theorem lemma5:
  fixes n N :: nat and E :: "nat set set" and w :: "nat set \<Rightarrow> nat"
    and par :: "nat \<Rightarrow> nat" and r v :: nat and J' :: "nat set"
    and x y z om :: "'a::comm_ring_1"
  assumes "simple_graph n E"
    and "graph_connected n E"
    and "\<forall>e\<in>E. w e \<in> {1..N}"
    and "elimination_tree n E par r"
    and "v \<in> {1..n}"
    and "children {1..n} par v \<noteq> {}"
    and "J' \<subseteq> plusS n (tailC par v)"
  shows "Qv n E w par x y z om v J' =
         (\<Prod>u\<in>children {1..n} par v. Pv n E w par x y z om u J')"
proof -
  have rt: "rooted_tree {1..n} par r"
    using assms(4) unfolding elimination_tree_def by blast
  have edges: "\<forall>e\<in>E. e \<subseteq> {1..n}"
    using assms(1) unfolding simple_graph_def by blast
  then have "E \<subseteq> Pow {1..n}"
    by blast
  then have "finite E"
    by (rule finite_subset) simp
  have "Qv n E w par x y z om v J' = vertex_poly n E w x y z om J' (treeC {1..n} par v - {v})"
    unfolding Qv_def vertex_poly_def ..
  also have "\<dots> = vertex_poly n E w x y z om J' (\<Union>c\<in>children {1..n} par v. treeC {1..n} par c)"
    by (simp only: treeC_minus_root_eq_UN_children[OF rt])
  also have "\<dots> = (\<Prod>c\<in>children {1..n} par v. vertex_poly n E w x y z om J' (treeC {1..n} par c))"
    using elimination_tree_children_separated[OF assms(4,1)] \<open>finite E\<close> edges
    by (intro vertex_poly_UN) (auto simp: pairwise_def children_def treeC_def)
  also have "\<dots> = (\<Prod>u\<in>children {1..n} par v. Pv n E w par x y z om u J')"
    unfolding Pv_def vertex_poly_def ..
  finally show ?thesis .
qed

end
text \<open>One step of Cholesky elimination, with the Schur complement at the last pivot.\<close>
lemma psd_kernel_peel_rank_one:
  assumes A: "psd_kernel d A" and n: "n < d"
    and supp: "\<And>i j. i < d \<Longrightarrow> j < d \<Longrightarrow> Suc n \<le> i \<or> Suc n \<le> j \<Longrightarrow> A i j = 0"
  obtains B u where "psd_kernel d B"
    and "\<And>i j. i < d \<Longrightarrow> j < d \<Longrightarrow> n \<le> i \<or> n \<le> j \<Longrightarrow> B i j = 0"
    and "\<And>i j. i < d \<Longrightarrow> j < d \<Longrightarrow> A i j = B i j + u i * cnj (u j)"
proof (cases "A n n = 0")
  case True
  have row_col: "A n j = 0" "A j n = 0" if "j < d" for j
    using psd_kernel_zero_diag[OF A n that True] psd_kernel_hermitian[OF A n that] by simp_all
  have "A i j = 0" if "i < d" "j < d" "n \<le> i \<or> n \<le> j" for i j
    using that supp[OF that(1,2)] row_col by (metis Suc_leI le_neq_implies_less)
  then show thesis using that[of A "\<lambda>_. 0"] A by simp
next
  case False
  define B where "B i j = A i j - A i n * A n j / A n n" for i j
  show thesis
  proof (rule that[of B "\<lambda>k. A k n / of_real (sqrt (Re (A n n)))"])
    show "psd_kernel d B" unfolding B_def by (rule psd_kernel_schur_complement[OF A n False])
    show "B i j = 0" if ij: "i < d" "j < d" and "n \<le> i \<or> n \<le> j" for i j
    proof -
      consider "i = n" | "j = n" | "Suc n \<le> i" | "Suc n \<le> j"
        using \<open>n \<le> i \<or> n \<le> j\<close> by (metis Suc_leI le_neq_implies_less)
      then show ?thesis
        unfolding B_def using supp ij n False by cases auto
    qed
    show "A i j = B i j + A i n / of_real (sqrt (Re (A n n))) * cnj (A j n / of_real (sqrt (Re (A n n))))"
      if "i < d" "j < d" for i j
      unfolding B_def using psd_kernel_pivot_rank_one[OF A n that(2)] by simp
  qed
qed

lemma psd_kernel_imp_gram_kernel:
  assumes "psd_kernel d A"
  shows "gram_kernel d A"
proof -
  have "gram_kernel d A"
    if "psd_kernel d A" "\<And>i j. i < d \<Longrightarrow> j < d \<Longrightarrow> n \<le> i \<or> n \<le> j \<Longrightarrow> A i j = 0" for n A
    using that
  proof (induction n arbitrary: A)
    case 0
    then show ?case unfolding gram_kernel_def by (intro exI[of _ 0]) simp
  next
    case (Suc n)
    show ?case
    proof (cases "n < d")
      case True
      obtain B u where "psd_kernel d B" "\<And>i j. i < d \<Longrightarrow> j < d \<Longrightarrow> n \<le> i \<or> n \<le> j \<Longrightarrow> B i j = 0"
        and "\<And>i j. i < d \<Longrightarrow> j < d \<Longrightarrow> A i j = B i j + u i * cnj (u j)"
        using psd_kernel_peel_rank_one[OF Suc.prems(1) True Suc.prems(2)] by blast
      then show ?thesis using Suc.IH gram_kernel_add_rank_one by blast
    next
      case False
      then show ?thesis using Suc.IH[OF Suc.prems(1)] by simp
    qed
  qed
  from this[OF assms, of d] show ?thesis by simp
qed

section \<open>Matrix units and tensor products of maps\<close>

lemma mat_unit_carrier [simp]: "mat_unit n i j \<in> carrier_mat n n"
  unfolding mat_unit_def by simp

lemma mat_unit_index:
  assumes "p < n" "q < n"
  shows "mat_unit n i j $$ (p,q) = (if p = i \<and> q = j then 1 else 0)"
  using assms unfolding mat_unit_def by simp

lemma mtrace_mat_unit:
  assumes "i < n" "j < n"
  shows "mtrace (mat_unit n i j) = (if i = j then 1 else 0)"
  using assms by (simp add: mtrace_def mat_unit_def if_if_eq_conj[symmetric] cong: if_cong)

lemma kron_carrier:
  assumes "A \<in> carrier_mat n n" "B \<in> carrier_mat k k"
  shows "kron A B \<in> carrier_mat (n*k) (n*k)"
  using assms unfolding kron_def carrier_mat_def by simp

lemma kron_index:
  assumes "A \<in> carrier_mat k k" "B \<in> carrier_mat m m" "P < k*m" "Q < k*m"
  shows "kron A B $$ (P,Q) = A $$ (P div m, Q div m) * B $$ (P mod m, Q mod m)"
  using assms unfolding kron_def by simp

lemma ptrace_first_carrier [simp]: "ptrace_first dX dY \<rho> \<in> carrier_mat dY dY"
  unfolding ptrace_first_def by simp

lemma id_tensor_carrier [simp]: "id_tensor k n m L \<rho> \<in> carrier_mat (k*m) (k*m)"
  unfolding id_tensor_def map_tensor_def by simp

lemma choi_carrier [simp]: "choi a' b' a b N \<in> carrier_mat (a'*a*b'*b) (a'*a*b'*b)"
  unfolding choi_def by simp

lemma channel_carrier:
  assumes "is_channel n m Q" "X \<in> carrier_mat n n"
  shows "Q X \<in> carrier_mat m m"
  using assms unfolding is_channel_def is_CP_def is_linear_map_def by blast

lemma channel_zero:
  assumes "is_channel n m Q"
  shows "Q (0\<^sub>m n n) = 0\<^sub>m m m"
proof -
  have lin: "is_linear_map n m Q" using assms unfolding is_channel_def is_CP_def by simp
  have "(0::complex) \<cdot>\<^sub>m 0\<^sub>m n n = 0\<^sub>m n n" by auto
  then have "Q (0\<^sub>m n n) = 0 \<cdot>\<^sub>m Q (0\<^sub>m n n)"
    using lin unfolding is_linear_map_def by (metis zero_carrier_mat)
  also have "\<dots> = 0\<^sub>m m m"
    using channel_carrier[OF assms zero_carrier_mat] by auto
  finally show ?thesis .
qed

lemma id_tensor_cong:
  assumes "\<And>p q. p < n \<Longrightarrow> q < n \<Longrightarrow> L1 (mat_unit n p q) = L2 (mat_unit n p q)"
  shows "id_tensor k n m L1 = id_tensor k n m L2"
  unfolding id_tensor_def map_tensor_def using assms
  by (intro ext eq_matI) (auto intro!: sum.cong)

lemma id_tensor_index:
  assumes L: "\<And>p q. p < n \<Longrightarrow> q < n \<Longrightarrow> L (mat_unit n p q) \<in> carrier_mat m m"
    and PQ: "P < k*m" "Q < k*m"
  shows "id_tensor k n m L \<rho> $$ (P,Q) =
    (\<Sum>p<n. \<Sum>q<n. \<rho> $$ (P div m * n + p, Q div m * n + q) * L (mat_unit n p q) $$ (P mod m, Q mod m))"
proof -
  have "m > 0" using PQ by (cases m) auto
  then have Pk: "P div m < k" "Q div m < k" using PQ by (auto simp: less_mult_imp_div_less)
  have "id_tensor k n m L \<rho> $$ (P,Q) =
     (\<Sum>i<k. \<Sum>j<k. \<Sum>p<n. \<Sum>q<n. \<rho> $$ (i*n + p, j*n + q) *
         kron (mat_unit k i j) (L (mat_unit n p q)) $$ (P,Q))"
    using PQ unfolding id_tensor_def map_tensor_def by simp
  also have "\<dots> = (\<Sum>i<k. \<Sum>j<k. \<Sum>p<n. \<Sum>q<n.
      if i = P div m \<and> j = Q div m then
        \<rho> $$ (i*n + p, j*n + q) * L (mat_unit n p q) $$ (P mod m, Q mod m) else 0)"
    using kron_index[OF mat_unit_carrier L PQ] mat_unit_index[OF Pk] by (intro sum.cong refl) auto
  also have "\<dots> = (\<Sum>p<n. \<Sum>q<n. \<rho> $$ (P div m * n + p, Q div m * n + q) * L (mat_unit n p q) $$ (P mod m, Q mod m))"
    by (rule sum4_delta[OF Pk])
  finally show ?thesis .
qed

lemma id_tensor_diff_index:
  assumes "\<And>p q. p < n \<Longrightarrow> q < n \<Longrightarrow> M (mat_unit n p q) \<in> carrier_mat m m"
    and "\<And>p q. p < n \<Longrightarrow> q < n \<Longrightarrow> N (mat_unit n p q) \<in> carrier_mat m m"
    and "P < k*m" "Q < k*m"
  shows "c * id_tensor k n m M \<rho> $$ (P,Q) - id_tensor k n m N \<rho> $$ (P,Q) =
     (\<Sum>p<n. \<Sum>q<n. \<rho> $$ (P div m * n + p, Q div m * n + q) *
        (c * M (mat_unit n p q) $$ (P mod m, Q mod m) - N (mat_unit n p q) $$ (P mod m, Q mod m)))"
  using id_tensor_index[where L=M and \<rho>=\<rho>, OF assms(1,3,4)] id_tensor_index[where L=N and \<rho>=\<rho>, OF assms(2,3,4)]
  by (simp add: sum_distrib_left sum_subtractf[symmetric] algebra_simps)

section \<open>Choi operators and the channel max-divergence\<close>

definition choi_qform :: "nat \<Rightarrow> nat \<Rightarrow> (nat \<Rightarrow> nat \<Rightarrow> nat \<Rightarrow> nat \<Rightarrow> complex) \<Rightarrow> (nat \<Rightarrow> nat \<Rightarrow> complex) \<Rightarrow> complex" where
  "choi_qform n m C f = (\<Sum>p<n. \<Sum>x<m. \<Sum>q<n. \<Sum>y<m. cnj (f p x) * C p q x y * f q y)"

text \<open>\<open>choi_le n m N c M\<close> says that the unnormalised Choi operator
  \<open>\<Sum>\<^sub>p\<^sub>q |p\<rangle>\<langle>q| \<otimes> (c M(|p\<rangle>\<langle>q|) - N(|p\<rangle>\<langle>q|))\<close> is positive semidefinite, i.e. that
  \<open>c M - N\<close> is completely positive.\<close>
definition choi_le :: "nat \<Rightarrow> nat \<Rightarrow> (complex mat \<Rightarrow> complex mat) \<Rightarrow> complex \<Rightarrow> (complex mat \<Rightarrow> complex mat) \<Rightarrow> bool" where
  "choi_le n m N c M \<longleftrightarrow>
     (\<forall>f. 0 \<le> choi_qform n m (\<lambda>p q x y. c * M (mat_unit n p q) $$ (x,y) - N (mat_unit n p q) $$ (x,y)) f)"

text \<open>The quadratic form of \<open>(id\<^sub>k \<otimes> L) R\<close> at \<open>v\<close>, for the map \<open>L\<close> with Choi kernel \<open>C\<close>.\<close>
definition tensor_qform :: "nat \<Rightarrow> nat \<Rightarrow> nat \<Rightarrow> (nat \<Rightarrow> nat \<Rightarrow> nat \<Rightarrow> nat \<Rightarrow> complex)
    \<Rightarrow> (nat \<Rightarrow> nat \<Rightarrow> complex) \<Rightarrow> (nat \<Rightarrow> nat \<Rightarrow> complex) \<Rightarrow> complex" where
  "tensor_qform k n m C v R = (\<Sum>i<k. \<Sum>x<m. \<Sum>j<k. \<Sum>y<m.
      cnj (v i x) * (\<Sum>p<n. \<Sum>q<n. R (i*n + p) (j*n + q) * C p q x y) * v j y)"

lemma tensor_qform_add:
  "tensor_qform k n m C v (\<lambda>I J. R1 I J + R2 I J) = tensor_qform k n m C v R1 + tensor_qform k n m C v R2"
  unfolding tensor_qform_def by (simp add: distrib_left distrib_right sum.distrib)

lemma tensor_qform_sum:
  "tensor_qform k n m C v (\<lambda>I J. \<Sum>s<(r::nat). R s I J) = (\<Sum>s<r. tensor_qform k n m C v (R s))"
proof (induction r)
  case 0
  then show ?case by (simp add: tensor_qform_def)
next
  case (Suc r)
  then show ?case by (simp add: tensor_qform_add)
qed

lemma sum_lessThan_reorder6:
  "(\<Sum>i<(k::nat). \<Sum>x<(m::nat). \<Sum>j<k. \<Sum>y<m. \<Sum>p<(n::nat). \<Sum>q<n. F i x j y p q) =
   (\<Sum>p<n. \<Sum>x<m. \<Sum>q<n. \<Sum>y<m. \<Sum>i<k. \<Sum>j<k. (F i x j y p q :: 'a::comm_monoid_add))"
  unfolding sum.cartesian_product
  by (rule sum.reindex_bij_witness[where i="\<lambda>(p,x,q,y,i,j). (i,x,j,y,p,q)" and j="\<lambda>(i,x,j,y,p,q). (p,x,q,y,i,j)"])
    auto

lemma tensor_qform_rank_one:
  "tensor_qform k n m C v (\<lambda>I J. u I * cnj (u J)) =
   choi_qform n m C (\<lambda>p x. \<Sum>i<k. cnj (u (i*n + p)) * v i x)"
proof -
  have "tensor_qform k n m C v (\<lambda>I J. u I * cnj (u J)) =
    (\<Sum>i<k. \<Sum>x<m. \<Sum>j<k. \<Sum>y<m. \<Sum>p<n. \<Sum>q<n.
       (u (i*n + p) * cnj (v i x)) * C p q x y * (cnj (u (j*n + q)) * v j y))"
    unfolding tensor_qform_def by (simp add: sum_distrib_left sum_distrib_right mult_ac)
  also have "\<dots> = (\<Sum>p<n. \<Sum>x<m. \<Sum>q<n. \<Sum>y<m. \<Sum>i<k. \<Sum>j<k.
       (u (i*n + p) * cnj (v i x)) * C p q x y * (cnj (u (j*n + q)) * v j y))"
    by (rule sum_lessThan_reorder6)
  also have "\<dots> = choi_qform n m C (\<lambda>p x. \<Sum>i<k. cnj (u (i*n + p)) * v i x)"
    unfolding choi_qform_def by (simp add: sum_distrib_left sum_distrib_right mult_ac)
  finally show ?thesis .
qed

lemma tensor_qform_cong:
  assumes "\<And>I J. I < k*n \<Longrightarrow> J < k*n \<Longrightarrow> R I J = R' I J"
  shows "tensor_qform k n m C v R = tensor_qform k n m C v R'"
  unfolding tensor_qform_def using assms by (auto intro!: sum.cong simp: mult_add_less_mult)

──────────

■ Prompt
Lines containing the word "subseteq": say how many there are in the material, with no other text.

■ Task answer
3